*** Block opens ***

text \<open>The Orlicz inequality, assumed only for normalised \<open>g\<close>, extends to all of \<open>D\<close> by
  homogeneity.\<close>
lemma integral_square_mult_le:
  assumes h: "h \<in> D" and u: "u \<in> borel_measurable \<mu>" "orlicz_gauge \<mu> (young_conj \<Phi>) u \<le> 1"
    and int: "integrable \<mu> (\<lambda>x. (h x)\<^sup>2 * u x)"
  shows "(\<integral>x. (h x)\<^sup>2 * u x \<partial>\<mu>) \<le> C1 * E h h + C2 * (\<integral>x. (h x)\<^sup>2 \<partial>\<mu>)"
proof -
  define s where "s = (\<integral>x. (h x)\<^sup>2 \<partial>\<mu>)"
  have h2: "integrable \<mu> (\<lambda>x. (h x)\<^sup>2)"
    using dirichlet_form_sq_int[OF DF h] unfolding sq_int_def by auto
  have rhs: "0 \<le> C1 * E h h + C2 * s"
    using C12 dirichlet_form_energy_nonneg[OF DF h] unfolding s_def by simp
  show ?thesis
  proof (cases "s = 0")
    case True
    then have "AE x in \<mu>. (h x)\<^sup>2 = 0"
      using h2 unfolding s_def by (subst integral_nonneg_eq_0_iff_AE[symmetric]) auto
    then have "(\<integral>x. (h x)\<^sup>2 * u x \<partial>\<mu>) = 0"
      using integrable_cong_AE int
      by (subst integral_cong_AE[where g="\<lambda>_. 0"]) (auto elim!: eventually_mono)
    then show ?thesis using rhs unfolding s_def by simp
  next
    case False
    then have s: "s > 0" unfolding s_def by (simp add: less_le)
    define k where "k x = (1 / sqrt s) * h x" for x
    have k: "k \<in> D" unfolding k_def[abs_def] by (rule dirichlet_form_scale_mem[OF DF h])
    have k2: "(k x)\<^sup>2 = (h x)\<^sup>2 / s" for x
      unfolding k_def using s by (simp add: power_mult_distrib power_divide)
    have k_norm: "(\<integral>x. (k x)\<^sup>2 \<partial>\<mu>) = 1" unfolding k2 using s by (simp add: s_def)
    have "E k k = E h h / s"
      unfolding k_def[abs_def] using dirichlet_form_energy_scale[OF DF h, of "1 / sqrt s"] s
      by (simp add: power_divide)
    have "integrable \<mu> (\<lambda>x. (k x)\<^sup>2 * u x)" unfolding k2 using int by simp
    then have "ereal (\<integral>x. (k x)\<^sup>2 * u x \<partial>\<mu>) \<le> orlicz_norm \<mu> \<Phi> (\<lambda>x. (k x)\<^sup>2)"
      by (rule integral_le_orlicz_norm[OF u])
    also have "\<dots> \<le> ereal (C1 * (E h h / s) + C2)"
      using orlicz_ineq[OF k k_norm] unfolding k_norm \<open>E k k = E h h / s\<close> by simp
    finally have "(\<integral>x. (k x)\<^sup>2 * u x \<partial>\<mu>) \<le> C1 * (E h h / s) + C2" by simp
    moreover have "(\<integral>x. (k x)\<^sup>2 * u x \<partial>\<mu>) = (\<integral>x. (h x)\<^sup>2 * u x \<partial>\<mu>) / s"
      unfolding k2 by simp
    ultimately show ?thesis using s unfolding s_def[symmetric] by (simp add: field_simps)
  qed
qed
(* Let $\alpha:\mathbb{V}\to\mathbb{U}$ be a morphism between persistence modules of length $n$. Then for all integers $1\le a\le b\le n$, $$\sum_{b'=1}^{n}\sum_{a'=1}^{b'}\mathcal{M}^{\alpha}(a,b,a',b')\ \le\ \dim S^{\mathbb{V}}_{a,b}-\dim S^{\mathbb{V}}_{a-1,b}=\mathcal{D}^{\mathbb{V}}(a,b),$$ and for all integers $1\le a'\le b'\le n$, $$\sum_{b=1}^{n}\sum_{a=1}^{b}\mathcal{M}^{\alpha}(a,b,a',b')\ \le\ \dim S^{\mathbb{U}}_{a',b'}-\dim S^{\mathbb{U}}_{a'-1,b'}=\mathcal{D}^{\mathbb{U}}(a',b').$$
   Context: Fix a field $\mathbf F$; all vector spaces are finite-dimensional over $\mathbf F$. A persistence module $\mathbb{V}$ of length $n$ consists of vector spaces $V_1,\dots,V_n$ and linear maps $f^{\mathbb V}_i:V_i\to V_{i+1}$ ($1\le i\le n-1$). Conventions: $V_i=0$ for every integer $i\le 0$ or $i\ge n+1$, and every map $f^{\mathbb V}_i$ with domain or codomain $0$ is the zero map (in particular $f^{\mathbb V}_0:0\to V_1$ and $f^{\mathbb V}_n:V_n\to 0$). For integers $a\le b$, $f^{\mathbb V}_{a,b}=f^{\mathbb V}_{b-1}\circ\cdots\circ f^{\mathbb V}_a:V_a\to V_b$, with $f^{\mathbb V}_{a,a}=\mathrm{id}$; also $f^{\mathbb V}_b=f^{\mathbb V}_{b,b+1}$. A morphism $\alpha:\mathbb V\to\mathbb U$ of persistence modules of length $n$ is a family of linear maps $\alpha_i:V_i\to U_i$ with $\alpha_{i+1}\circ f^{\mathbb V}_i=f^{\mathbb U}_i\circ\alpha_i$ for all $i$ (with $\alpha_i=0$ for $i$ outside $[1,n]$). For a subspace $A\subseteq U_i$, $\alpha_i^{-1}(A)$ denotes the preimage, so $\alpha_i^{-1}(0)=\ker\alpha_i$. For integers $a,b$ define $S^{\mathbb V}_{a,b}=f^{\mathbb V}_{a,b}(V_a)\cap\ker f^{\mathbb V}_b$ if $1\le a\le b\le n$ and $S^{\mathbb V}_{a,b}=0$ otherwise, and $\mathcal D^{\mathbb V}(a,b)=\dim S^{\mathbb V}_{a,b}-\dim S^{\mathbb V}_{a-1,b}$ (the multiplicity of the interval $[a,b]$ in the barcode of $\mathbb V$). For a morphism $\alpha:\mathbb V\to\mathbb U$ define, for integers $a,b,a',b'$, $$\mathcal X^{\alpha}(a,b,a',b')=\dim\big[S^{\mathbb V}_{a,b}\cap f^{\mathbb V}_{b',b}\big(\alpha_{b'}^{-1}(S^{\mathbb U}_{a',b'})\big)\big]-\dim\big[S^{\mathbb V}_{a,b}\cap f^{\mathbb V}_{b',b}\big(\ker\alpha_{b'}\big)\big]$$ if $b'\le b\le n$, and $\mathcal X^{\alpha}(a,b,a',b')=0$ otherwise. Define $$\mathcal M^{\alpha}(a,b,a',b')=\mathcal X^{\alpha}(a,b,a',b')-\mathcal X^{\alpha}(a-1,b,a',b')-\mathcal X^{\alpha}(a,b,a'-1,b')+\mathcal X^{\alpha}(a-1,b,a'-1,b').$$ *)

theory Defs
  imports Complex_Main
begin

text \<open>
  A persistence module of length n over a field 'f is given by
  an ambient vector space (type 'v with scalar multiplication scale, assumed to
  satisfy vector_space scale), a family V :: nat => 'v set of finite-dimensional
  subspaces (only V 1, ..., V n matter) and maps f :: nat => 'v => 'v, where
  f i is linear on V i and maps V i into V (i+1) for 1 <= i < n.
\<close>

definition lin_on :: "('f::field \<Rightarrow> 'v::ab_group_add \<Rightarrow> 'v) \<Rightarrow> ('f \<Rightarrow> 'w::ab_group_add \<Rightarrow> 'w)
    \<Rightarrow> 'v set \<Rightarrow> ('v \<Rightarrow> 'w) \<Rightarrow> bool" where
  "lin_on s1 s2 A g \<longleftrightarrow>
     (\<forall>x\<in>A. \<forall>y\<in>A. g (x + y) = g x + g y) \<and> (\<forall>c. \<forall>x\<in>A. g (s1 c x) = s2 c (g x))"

*** Block closes ***
*** Block opens ***

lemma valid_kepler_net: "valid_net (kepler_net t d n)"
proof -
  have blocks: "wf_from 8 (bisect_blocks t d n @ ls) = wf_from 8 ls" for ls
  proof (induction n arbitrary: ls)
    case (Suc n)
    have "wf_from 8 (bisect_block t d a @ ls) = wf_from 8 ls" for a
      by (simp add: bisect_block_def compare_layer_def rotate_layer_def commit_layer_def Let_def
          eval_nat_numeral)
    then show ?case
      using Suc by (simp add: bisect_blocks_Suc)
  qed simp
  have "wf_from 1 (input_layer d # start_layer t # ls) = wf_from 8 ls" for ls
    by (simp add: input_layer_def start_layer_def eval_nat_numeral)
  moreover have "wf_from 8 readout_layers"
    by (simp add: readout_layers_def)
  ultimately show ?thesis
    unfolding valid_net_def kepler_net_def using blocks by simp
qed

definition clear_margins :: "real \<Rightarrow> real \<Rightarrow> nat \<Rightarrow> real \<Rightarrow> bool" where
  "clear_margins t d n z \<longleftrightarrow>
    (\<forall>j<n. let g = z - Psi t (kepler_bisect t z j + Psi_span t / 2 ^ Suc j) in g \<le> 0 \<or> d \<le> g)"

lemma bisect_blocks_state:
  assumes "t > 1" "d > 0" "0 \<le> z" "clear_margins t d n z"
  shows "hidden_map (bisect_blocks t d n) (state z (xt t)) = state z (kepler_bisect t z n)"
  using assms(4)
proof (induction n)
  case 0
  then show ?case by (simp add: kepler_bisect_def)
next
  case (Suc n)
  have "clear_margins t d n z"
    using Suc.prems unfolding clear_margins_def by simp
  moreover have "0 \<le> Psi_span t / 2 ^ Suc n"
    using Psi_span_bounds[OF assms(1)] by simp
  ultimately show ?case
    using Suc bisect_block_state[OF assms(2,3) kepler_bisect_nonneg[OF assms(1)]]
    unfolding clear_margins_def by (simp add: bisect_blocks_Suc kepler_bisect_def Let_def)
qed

*** Block closes ***

WHAT THE TASK ASKS:
Taking the entries above, print exactly the lines starting at the line with "text \<open>The Orlicz" and ending at the line with "(\<lambda>x. (h x)\<^sup>2 *", both included.

RESPONSE TO THE TASK:
text \<open>The Orlicz inequality, assumed only for normalised \<open>g\<close>, extends to all of \<open>D\<close> by
  homogeneity.\<close>
lemma integral_square_mult_le:
  assumes h: "h \<in> D" and u: "u \<in> borel_measurable \<mu>" "orlicz_gauge \<mu> (young_conj \<Phi>) u \<le> 1"
    and int: "integrable \<mu> (\<lambda>x. (h x)\<^sup>2 * u x)"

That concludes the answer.